# Exercise directions
State how many lines in the records below contain the word "projective". Nothing else is needed.

# Stored data
* * * * *

(* Let $P$ be a separable normed space which is topologically projective in $\mathbf{Nor}$. Then $P$ has at most countable (Hamel) linear dimension.
   Context: An operator $\tau:F\to E$ is coisometric if $\|\tau\|\le1$ and for each $x\in E$, $\varepsilon>0$ there is $y\in F$ with $\tau(y)=x$, $\|y\|<\|x\|+\varepsilon$. A normed space $P$ is topologically projective in $\mathbf{Nor}$ if for every coisometric operator $\tau:F\to E$ between normed spaces and every bounded operator $\varphi:P\to E$ there is a bounded operator $\psi:P\to F$ with $\tau\psi=\varphi$. *)

theory Defs
  imports "HOL-Analysis.Analysis" "HOL-Analysis.Finite_Function_Topology"
begin

text \<open>A normed space is modelled as a linear subspace S of an ambient real vector
  space together with a function N which is a norm on S.\<close>

definition is_norm_on :: "'v::real_vector set \<Rightarrow> ('v \<Rightarrow> real) \<Rightarrow> bool" where
  "is_norm_on S N \<longleftrightarrow> subspace S \<and>
     (\<forall>x\<in>S. 0 \<le> N x) \<and> (\<forall>x\<in>S. N x = 0 \<longleftrightarrow> x = 0) \<and>
     (\<forall>x\<in>S. \<forall>y\<in>S. N (x + y) \<le> N x + N y) \<and>
     (\<forall>x\<in>S. \<forall>c. N (c *\<^sub>R x) = \<bar>c\<bar> * N x)"

definition bounded_op ::
  "'a::real_vector set \<Rightarrow> ('a \<Rightarrow> real) \<Rightarrow> 'b::real_vector set \<Rightarrow> ('b \<Rightarrow> real) \<Rightarrow> ('a \<Rightarrow> 'b) \<Rightarrow> bool" where
  "bounded_op S1 N1 S2 N2 f \<longleftrightarrow> f ` S1 \<subseteq> S2 \<and>
     (\<forall>x\<in>S1. \<forall>y\<in>S1. f (x + y) = f x + f y) \<and>
     (\<forall>x\<in>S1. \<forall>c. f (c *\<^sub>R x) = c *\<^sub>R f x) \<and>
     (\<exists>K. \<forall>x\<in>S1. N2 (f x) \<le> K * N1 x)"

* * * * *

# Written answer
2